*** Provided records ***

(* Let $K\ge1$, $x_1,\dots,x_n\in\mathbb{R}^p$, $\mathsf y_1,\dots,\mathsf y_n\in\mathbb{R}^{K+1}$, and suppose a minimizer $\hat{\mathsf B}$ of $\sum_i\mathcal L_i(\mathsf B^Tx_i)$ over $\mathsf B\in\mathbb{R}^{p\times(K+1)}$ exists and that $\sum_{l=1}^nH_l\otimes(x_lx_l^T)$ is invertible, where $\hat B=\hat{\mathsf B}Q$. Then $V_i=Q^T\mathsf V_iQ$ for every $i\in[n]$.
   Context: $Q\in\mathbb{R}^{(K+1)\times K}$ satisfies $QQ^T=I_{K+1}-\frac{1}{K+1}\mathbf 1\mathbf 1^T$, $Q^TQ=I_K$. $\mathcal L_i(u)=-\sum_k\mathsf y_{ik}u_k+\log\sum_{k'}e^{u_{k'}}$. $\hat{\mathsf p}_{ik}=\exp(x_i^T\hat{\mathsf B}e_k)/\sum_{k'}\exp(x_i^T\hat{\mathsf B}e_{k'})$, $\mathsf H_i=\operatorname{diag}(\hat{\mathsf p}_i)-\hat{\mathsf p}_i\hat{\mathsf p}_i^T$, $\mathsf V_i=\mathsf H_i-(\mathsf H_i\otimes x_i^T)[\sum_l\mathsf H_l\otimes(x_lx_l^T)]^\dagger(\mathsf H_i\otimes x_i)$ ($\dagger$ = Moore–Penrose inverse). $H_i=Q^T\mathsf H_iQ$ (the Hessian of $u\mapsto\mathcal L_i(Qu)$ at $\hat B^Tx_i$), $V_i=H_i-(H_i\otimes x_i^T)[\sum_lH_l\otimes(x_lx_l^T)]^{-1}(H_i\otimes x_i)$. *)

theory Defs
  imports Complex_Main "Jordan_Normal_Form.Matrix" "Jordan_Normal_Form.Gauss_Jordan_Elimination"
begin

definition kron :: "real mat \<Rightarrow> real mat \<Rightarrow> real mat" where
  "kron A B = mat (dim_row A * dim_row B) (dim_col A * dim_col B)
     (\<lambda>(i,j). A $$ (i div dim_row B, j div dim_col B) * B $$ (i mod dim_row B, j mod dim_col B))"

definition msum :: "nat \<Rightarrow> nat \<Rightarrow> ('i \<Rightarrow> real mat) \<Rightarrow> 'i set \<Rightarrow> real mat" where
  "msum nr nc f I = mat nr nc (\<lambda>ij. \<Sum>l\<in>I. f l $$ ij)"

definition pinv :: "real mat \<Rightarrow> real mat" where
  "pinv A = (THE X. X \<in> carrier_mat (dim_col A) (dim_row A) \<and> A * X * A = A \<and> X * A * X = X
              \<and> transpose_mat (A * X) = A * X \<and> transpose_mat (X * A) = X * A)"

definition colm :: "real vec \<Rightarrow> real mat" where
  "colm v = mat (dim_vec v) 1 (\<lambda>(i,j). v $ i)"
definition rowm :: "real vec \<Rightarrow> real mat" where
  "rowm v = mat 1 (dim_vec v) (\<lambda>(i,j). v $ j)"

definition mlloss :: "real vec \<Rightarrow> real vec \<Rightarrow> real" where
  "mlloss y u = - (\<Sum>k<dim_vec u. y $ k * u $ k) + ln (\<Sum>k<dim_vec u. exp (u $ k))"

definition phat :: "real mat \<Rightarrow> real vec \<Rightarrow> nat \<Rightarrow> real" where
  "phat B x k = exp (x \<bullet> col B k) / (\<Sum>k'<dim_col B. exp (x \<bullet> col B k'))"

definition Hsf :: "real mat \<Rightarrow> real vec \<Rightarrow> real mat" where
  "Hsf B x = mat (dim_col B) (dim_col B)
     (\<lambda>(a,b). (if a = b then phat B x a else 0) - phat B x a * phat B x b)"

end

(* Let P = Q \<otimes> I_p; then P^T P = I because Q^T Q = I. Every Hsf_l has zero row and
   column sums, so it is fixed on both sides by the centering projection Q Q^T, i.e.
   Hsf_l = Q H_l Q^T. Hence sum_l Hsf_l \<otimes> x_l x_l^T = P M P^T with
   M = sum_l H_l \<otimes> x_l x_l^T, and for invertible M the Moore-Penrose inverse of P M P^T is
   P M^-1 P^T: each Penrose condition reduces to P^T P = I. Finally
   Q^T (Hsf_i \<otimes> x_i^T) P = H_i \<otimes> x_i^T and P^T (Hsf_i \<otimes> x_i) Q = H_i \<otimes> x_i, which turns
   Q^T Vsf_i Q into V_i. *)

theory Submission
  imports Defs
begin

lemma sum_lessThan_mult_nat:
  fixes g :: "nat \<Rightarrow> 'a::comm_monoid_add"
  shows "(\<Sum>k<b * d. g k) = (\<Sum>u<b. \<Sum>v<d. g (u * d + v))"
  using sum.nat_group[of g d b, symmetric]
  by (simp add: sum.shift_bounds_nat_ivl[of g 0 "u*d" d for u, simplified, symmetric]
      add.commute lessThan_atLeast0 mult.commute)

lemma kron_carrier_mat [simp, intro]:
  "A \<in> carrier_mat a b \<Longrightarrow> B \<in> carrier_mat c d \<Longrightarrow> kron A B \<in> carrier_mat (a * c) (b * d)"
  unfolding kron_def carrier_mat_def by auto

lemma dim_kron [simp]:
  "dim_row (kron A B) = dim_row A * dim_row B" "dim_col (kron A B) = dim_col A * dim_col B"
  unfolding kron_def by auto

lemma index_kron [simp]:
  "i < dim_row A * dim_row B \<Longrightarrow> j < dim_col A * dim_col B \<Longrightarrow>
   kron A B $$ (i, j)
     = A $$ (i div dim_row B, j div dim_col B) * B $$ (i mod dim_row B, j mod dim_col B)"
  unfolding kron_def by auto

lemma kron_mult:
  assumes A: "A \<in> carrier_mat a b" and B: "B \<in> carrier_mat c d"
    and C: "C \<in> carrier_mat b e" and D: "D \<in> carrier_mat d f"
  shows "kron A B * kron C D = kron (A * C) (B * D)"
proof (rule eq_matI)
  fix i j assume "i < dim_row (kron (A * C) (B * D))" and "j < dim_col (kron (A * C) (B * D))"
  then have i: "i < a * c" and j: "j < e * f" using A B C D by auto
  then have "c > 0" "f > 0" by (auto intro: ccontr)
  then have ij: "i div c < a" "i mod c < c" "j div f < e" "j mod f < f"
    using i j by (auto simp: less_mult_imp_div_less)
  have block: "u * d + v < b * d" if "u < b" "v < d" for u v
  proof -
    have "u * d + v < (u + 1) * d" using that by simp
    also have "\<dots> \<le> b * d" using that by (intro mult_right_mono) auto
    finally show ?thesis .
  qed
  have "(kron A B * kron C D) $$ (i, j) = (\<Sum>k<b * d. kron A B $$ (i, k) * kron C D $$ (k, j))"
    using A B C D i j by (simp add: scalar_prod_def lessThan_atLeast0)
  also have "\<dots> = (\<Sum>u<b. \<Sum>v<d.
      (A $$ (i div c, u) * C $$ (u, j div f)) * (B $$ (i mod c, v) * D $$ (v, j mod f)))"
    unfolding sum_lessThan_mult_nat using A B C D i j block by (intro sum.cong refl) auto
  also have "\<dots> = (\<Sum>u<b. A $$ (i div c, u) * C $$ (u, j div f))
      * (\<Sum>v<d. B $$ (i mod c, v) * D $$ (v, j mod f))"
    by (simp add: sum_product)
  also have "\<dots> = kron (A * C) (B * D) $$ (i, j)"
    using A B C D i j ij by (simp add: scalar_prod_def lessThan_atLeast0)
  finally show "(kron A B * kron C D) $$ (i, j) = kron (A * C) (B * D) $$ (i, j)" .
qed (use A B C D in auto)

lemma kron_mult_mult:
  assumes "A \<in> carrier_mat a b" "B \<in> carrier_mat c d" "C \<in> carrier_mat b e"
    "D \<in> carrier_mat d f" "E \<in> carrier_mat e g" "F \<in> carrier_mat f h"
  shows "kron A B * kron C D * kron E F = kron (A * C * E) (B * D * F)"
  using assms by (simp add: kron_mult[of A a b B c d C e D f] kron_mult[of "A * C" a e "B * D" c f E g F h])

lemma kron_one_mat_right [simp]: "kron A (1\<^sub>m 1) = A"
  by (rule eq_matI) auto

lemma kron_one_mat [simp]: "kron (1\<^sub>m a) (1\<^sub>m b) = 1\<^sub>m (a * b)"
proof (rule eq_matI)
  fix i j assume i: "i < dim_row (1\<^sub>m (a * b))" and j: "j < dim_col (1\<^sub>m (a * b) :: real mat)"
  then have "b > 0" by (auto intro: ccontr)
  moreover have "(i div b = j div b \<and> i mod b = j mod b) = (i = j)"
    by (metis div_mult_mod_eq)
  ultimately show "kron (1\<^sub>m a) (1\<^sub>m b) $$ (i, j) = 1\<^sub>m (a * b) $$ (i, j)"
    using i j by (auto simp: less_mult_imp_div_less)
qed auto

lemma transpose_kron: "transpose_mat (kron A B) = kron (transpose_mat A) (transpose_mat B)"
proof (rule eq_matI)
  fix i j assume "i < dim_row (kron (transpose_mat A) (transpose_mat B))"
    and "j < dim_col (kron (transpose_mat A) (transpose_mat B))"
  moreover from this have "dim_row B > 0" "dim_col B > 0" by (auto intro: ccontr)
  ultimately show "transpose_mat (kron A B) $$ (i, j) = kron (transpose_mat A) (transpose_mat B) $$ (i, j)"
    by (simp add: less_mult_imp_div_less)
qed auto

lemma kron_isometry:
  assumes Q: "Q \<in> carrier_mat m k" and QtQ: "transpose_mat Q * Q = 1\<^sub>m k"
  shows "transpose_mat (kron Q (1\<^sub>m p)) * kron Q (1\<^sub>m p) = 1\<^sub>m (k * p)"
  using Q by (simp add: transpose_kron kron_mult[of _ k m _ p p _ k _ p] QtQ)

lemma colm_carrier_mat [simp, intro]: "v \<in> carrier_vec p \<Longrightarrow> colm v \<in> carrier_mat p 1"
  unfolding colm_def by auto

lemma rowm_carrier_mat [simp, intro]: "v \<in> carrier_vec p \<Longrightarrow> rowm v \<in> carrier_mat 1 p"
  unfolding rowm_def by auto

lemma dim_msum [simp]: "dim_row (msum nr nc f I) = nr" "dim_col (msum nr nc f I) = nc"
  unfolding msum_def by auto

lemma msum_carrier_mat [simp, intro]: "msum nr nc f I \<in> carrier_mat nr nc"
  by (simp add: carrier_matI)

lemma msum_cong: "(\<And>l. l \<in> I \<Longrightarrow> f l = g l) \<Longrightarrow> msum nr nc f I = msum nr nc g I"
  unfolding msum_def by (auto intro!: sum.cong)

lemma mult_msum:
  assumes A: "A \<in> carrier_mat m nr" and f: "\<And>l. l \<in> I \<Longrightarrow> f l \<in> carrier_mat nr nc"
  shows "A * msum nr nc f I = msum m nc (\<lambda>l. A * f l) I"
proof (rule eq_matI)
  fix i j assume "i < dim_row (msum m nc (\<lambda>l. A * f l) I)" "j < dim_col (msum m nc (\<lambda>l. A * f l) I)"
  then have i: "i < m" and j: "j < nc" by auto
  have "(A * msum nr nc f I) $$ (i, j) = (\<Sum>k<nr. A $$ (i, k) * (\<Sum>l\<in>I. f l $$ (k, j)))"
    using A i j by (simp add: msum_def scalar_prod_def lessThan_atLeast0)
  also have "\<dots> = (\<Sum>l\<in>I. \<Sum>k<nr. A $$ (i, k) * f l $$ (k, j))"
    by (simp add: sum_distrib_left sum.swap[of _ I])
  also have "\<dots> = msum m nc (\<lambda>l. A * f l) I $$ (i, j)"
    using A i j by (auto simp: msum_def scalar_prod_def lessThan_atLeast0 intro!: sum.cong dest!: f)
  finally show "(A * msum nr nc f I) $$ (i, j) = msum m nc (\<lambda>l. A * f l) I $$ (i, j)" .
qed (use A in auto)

*** End of Provided records ***

• Exercise goal
Wherever the word "shows" appears in the records above, copy that line.

• Task answer
  shows "(\<Sum>k<b * d. g k) = (\<Sum>u<b. \<Sum>v<d. g (u * d + v))"
  shows "kron A B * kron C D = kron (A * C) (B * D)"
  shows "kron A B * kron C D * kron E F = kron (A * C * E) (B * D * F)"
  shows "transpose_mat (kron Q (1\<^sub>m p)) * kron Q (1\<^sub>m p) = 1\<^sub>m (k * p)"
  shows "A * msum nr nc f I = msum m nc (\<lambda>l. A * f l) I"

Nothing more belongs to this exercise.